The idle temperatures are all fairly similar (within 4C) but quite a significant difference in the load temperatures. We can see clearly that the Gelid GX-7 performed the best in this test, beating the Scythe Grand Kama Cross Rev.B with the Universal Retention Kit III by 9° C, and the Scythe Grand Kama Cross Rev.B with the standard mounting kit by 10° C at load. All temperatures were well under acceptable temperature levels, so no worrying about the CPU thermal cutoff.
With the fans set to maximum it was time to really test the heatsinks.
Again the idle temperatures were all within 4° C of each other and again the same ordering of performance. The Gelid GX-7 comes in first by 7° C. Next is the Scythe Grand Kama Cross Rev.B with the Universal Retention Kit III beating the standard Scythe Grand Kama Cross Rev.B by 2° C. It must be noted that one of the cores, while under the standard Scythe Grand Kama Cross Rev.B, got to 94° C, the ambient was 20.5° C. This is not a temperature I would be comfortable running on a daily basis.
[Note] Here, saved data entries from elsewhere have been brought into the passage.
(* Suppose Assumptions 1–4 hold. Let $\mathbf{x}$ be a Cournot candidate and $\mathbf{x}^S$ a social optimum, with $X=\sum_n x_n$ and $X^S=\sum_n x^S_n$. If $p(X)\neq p(X^S)$, then $p(X)>p(X^S)$ and $X<X^S$.
   Context: Cournot model: $N$ suppliers, inverse demand $p:[0,\infty)\to[0,\infty)$, supplier $n$ has cost $C_n:[0,\infty)\to[0,\infty)$ and chooses $x_n\ge0$; $X=\sum_n x_n$. $\partial_\pm$ denote right/left derivatives; $C_n'(0)$ is the right derivative at $0$. Assumption 1: each $C_n$ is convex, continuous, nondecreasing on $[0,\infty)$, continuously differentiable on $(0,\infty)$, with $C_n(0)=0$. Assumption 2: $p$ is continuous, nonnegative, nonincreasing, $p(0)>0$; its right derivative at $0$ exists and at every $q>0$ its left and right derivatives exist. Assumption 3: there exists $R>0$ such that $p(R)\le\min_n C_n'(0)$. Assumption 4: $p(0)>\min_n C_n'(0)$. A social optimum is a nonnegative vector maximizing $\int_0^X p(q)\,dq-\sum_n C_n(x_n)$. A nonnegative vector $\mathbf{x}$ is a Cournot candidate if for every $n$: $C_n'(x_n)\le p(X)+x_n\,\partial_-p(X)$ whenever $x_n>0$, and $C_n'(x_n)\ge p(X)+x_n\,\partial_+p(X)$. *)

theory Defs
  imports "HOL-Analysis.Analysis"
begin

(* Suppliers are indexed by {..<N}; a production vector is x :: nat => real,
   only its entries on {..<N} matter. *)

definition total :: "nat \<Rightarrow> (nat \<Rightarrow> real) \<Rightarrow> real" where
  "total N x = (\<Sum>n<N. x n)"

definition nonneg_vec :: "nat \<Rightarrow> (nat \<Rightarrow> real) \<Rightarrow> bool" where
  "nonneg_vec N x \<longleftrightarrow> (\<forall>n<N. x n \<ge> 0)"

definition welfare :: "nat \<Rightarrow> (real \<Rightarrow> real) \<Rightarrow> (nat \<Rightarrow> real \<Rightarrow> real) \<Rightarrow> (nat \<Rightarrow> real) \<Rightarrow> real" where
  "welfare N p C x = integral {0..total N x} p - (\<Sum>n<N. C n (x n))"

definition social_optimum :: "nat \<Rightarrow> (real \<Rightarrow> real) \<Rightarrow> (nat \<Rightarrow> real \<Rightarrow> real) \<Rightarrow> (nat \<Rightarrow> real) \<Rightarrow> bool" where
  "social_optimum N p C x \<longleftrightarrow> nonneg_vec N x \<and>
     (\<forall>y. nonneg_vec N y \<longrightarrow> welfare N p C y \<le> welfare N p C x)"

(* dC n t = C_n'(t) (right derivative at 0); dpL/dpR = left/right derivatives of p *)
definition cournot_candidate :: "nat \<Rightarrow> (real \<Rightarrow> real) \<Rightarrow> (real \<Rightarrow> real) \<Rightarrow> (real \<Rightarrow> real)
     \<Rightarrow> (nat \<Rightarrow> real \<Rightarrow> real) \<Rightarrow> (nat \<Rightarrow> real) \<Rightarrow> bool" where
  "cournot_candidate N p dpL dpR dC x \<longleftrightarrow> nonneg_vec N x \<and>
     (\<forall>n<N. (x n > 0 \<longrightarrow> dC n (x n) \<le> p (total N x) + x n * dpL (total N x)) \<and>
            dC n (x n) \<ge> p (total N x) + x n * dpR (total N x))"

end

theory Submission imports Defs begin

(* Suppose instead p(X) < p(XS).  As p is nonincreasing, X > XS, so some
   supplier n produces more at the candidate than at the optimum: x_n > xS_n >= 0.
   Three marginal inequalities then chain together:
     p(XS) <= C_n'(xS_n)     first-order condition of the optimum (raising x_n is not profitable),
     C_n'(xS_n) <= C_n'(x_n)  derivatives of the convex cost C_n are monotone,
     C_n'(x_n) <= p(X)       Cournot condition, using that the left derivative of p is <= 0,
   giving p(XS) <= p(X), a contradiction.  Hence p(X) > p(XS), and monotonicity of p
   forces X < XS. *)

lemma deriv_nonpos_at_right_max:
  fixes g :: "real \<Rightarrow> real"
  assumes deriv: "(g has_real_derivative D) (at a within S)"
    and d: "d > 0" and sub: "{a..a+d} \<subseteq> S"
    and max: "\<And>t. t \<in> {a..a+d} \<Longrightarrow> g t \<le> g a"
  shows "D \<le> 0"
proof (rule ccontr)
  assume "\<not> D \<le> 0"
  then obtain e where e: "e > 0" "\<And>h. h > 0 \<Longrightarrow> a + h \<in> S \<Longrightarrow> h < e \<Longrightarrow> g a < g (a + h)"
    using has_real_derivative_pos_inc_right[OF deriv] by force
  define h where "h = min e d / 2"
  have h: "h > 0" "h < e" "h \<le> d" using e d by (auto simp: h_def)
  moreover have "a + h \<in> S" using sub h by auto
  ultimately have "g a < g (a + h)" using e(2) by blast
  moreover have "g (a + h) \<le> g a" using max h by auto
  ultimately show False by simp
qed

lemma deriv_nonpos_at_left_min:
  fixes g :: "real \<Rightarrow> real"
  assumes deriv: "(g has_real_derivative D) (at a within S)"
    and d: "d > 0" and sub: "{a-d..a} \<subseteq> S"
    and min: "\<And>t. t \<in> {a-d..a} \<Longrightarrow> g a \<le> g t"
  shows "D \<le> 0"
proof (rule ccontr)
  assume "\<not> D \<le> 0"
  then obtain e where e: "e > 0" "\<And>h. h > 0 \<Longrightarrow> a - h \<in> S \<Longrightarrow> h < e \<Longrightarrow> g (a - h) < g a"
    using has_real_derivative_pos_inc_left[OF deriv] by force
  define h where "h = min e d / 2"
  have h: "h > 0" "h < e" "h \<le> d" using e d by (auto simp: h_def)
  moreover have "a - h \<in> S" using sub h by auto
  ultimately have "g (a - h) < g a" using e(2) by blast
  moreover have "g a \<le> g (a - h)" using min h by auto
  ultimately show False by simp
qed

text \<open>The left derivative of a nonincreasing function is nonpositive; this makes the
  strategic term x_n * dp_-(X) in the Cournot condition harmless.\<close>

lemma antitone_left_deriv_nonpos:
  fixes p :: "real \<Rightarrow> real"
  assumes anti: "\<And>a b. 0 \<le> a \<Longrightarrow> a \<le> b \<Longrightarrow> p b \<le> p a"
    and q: "q > 0" and deriv: "(p has_real_derivative l) (at q within {..q})"
  shows "l \<le> 0"
  by (rule deriv_nonpos_at_left_min[OF deriv q]) (use anti in auto)

text \<open>One-sided derivatives of a convex function on a half-line are monotone: the
  derivative at a is below the secant slope on [a,b], which is below the derivative at b.\<close>

lemma convex_deriv_mono:
  fixes f :: "real \<Rightarrow> real"
  assumes cv: "convex_on {l..} f" and ab: "l \<le> a" "a < b"
    and da: "(f has_real_derivative fa) (at a within {l..})"
    and db: "(f has_real_derivative fb) (at b within {l..})"
  shows "fa \<le> fb"
proof -
  define s where "s = (f b - f a) / (b - a)"
  have "fb * (a - b) \<le> f a - f b"
    by (rule convex_on_imp_above_tangent[OF cv _ _ _ db]) (use ab in auto)
  then have slope_le: "s \<le> fb" using ab by (simp add: s_def field_simps)
  have chord: "f t - s * t \<le> f a - s * a" if "t \<in> {a..a + (b - a)}" for t
  proof -
    have "convex_on {a..b} f" by (rule convex_on_subset[OF cv]) (use ab in auto)
    from convex_onD_Icc'[OF this, of t] that have "f t \<le> s * (t - a) + f a"
      by (simp add: s_def)
    then show ?thesis by (simp add: algebra_simps)
  qed
  have "((\<lambda>t. f t - s * t) has_real_derivative fa - s) (at a within {l..})"
    by (auto intro!: derivative_eq_intros da)
  then have "fa - s \<le> 0"
    by (rule deriv_nonpos_at_right_max[where d = "b - a"]) (use ab chord in auto)
  with slope_le show ?thesis by simp
qed

lemma sum_fun_upd:
  fixes f :: "'a \<Rightarrow> 'b \<Rightarrow> 'c::ab_group_add"
  assumes "finite A" "n \<in> A"
  shows "(\<Sum>k\<in>A. f k ((x(n := v)) k)) = (\<Sum>k\<in>A. f k (x k)) - f n (x n) + f n v"
proof -
  have rest: "(\<Sum>k\<in>A - {n}. f k ((x(n := v)) k)) = (\<Sum>k\<in>A - {n}. f k (x k))"
    by (rule sum.cong) auto
  show ?thesis
    using sum.remove[OF assms, of "\<lambda>k. f k ((x(n := v)) k)"] sum.remove[OF assms, of "\<lambda>k. f k (x k)"] rest
    by simp
qed

lemma total_nonneg: "nonneg_vec N x \<Longrightarrow> total N x \<ge> 0"
  unfolding total_def nonneg_vec_def by (auto intro: sum_nonneg)

lemma total_update: "n < N \<Longrightarrow> total N (x(n := v)) = total N x - x n + v"
  unfolding total_def using sum_fun_upd[of "{..<N}" n "\<lambda>k y. y" x v] by simp

lemma total_lt_imp_coord_lt:
  assumes "total N y < total N x"
  obtains n where "n < N" "y n < x n"
proof (rule ccontr)
  assume "\<not> thesis"
  with that have "\<And>n. n < N \<Longrightarrow> x n \<le> y n" by (meson not_le)
  then have "total N x \<le> total N y" unfolding total_def by (intro sum_mono) auto
  with assms show False by simp
qed

lemma welfare_update:
  assumes "n < N"
  shows "welfare N p C (x(n := v)) - welfare N p C x
       = (integral {0..total N x - x n + v} p - integral {0..total N x} p) - (C n v - C n (x n))"
  using sum_fun_upd[of "{..<N}" n C x v] assms unfolding welfare_def total_update[OF assms]
  by simp

text \<open>First-order condition of a social optimum: the price at the optimal total output
  does not exceed any supplier's (right) marginal cost, since otherwise a small increase
  of that supplier's output would raise welfare.\<close>

lemma social_optimum_price_le_marginal_cost:
  fixes p :: "real \<Rightarrow> real"
  assumes n: "n < N" and opt: "social_optimum N p C xS"
    and p_cont: "continuous_on {0..} p"
    and Cd: "(C n has_real_derivative d) (at (xS n) within {0..})"
  shows "p (total N xS) \<le> d"
proof -
  define X where "X = total N xS"
  define a where "a = xS n"
  have nonneg: "nonneg_vec N xS"
    and best: "\<And>y. nonneg_vec N y \<Longrightarrow> welfare N p C y \<le> welfare N p C xS"
    using opt by (auto simp: social_optimum_def)
  have X0: "X \<ge> 0" using nonneg by (simp add: X_def total_nonneg)
  have a0: "a \<ge> 0" using nonneg n by (auto simp: a_def nonneg_vec_def)
  \<comment> \<open>welfare, up to a constant, when supplier n raises its output by t\<close>
  define g where "g t = integral {0..X + t} p - C n (a + t)" for t
  have g_max: "g t \<le> g 0" if "t \<ge> 0" for t
  proof -
    have "nonneg_vec N (xS(n := a + t))" using nonneg a0 that by (auto simp: nonneg_vec_def)
    then have "welfare N p C (xS(n := a + t)) - welfare N p C xS \<le> 0" using best by simp
    then show ?thesis using welfare_update[OF n] by (simp add: g_def X_def a_def)
  qed
  have "((\<lambda>s. integral {0..s} p) has_real_derivative p X) (at X within {0..X+1})"
    by (rule integral_has_real_derivative) (use X0 in \<open>auto intro: continuous_on_subset[OF p_cont]\<close>)
  then have "((\<lambda>s. integral {0..s} p) has_real_derivative p X) (at X within {X..X+1})"
    by (rule has_field_derivative_subset) (use X0 in auto)
  then have "((\<lambda>s. integral {0..s} p) has_real_derivative p X) (at (X + 0) within (+) X ` {0..1})"
    by (simp add: add.commute)
  then have surplus_deriv: "((\<lambda>t. integral {0..X + t} p) has_real_derivative p X) (at 0 within {0..1})"
    by (simp only: DERIV_at_within_shift)
  have "(C n has_real_derivative d) (at a within {a..a+1})"
    by (rule has_field_derivative_subset[OF Cd[folded a_def]]) (use a0 in auto)
  then have "(C n has_real_derivative d) (at (a + 0) within (+) a ` {0..1})"
    by (simp add: add.commute)
  then have cost_deriv: "((\<lambda>t. C n (a + t)) has_real_derivative d) (at 0 within {0..1})"
    by (simp only: DERIV_at_within_shift)
  have "(g has_real_derivative p X - d) (at 0 within {0..1})"
    unfolding g_def by (rule DERIV_diff[OF surplus_deriv cost_deriv])
  then have "p X - d \<le> 0"
    by (rule deriv_nonpos_at_right_max[where d = 1]) (use g_max in auto)
  then show ?thesis by (simp add: X_def)
qed

lemma cournot_price_ge_optimal_price:
  fixes p :: "real \<Rightarrow> real"
  assumes C_convex: "\<And>n. n < N \<Longrightarrow> convex_on {0..} (C n)"
    and C_deriv: "\<And>n t. n < N \<Longrightarrow> t \<ge> 0 \<Longrightarrow> (C n has_real_derivative dC n t) (at t within {0..})"
    and p_cont: "continuous_on {0..} p"
    and p_antimono: "\<And>a b. 0 \<le> a \<Longrightarrow> a \<le> b \<Longrightarrow> p b \<le> p a"
    and p_left_deriv: "\<And>q. q > 0 \<Longrightarrow> (p has_real_derivative dpL q) (at q within {..q})"
    and cand: "cournot_candidate N p dpL dpR dC x"
    and opt: "social_optimum N p C xS"
  shows "p (total N xS) \<le> p (total N x)"
proof (rule ccontr)
  define X where "X = total N x"
  define XS where "XS = total N xS"
  assume "\<not> p XS \<le> p X"
  then have price_lt: "p X < p XS" by (simp add: XS_def X_def)
  have nonneg_x: "nonneg_vec N x" using cand by (simp add: cournot_candidate_def)
  have nonneg_xS: "nonneg_vec N xS" using opt by (simp add: social_optimum_def)
  have "XS < X"
    using price_lt p_antimono[of X XS] total_nonneg[OF nonneg_x] by (force simp: X_def)
  then obtain n where n: "n < N" "xS n < x n"
    using total_lt_imp_coord_lt[of N xS x] by (auto simp: X_def XS_def)
  have xS_n: "xS n \<ge> 0" using nonneg_xS n by (simp add: nonneg_vec_def)
  then have x_n: "x n > 0" using n by simp
  have "x n \<le> X" unfolding X_def total_def
    by (rule member_le_sum) (use n nonneg_x in \<open>auto simp: nonneg_vec_def\<close>)
  then have X_pos: "X > 0" using x_n by simp
  have "p XS \<le> dC n (xS n)" unfolding XS_def
    by (rule social_optimum_price_le_marginal_cost[OF n(1) opt p_cont C_deriv[OF n(1) xS_n]])
  also have "\<dots> \<le> dC n (x n)"
    using convex_deriv_mono[OF C_convex[OF n(1)] xS_n n(2) C_deriv[OF n(1) xS_n] C_deriv[OF n(1)]] x_n
    by simp
  also have "\<dots> \<le> p X + x n * dpL X"
    using cand n x_n by (simp add: cournot_candidate_def X_def)
  also have "\<dots> \<le> p X"
    using antitone_left_deriv_nonpos[OF p_antimono X_pos p_left_deriv[OF X_pos]] x_n
    by (simp add: mult_nonneg_nonpos)
  finally show False using price_lt by simp
qed

theorem proposition7:
  fixes N :: nat
    and p :: "real \<Rightarrow> real" and dpL dpR :: "real \<Rightarrow> real"
    and C :: "nat \<Rightarrow> real \<Rightarrow> real" and dC :: "nat \<Rightarrow> real \<Rightarrow> real"
    and x xS :: "nat \<Rightarrow> real"
  assumes N_pos: "N \<ge> 1"
    (* Assumption 1 *)
    and C_convex: "\<And>n. n < N \<Longrightarrow> convex_on {0..} (C n)"
    and C_cont: "\<And>n. n < N \<Longrightarrow> continuous_on {0..} (C n)"
    and C_mono: "\<And>n. n < N \<Longrightarrow> mono_on {0..} (C n)"
    and C_deriv: "\<And>n t. n < N \<Longrightarrow> t \<ge> 0 \<Longrightarrow> (C n has_real_derivative dC n t) (at t within {0..})"
    and C_C1: "\<And>n. n < N \<Longrightarrow> continuous_on {0<..} (dC n)"
    and C_zero: "\<And>n. n < N \<Longrightarrow> C n 0 = 0"
    (* Assumption 2 *)
    and p_cont: "continuous_on {0..} p"
    and p_nonneg: "\<And>q. q \<ge> 0 \<Longrightarrow> p q \<ge> 0"
    and p_antimono: "\<And>a b. 0 \<le> a \<Longrightarrow> a \<le> b \<Longrightarrow> p b \<le> p a"
    and p0_pos: "p 0 > 0"
    and p_right_deriv: "\<And>q. q \<ge> 0 \<Longrightarrow> (p has_real_derivative dpR q) (at q within {q..})"
    and p_left_deriv: "\<And>q. q > 0 \<Longrightarrow> (p has_real_derivative dpL q) (at q within {..q})"
    (* Assumption 3 *)
    and A3: "\<exists>R>0. p R \<le> (MIN n\<in>{..<N}. dC n 0)"
    (* Assumption 4 *)
    and A4: "p 0 > (MIN n\<in>{..<N}. dC n 0)"
    and cand: "cournot_candidate N p dpL dpR dC x"
    and opt: "social_optimum N p C xS"
    and neq: "p (total N x) \<noteq> p (total N xS)"
  shows "p (total N x) > p (total N xS) \<and> total N x < total N xS"
proof -
  have price_gt: "p (total N x) > p (total N xS)"
    using cournot_price_ge_optimal_price[OF C_convex C_deriv p_cont p_antimono p_left_deriv cand opt] neq
    by simp
  have "total N xS \<ge> 0" using opt by (simp add: social_optimum_def total_nonneg)
  then have "total N x < total N xS"
    using price_gt p_antimono[of "total N xS" "total N x"] by force
  with price_gt show ?thesis by simp
qed

end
Let’s answer the two main questions that people ask when looking for a heatsink.
Which was coolest?
Well, it looks like the Gelix GX-7 came out on top of this one. Even when the Scythe Grand Kama Cross Rev.B was using the Universal Retention Kit III. The closest the Scythe came was with the kit on the overclocked test, in which it was 7° C away. I would say that was quite a significant difference.
Which was quietest?
The Scythe Grand Kama Cross Rev.B was significantly quieter in both of the tests. The 140mm fan is very quiet while also pushing a reasonable volume of air. The Scythe Grand Kama Cross Rev.B is a great option for those looking to build a quiet stock system or one with a small overclock. It’s just such a shame that the stock mounting system is so flimsy. The Universal Mounting Kit III makes it much easier to get the heatsink even and level with a good pressure.
If I had to buy one. It would be the Gelid GX-7, mostly because I like to run a solid overclock on my systems, but also the mounting is very solid. Also the prices are very similar, so I just have to go for the better performing one.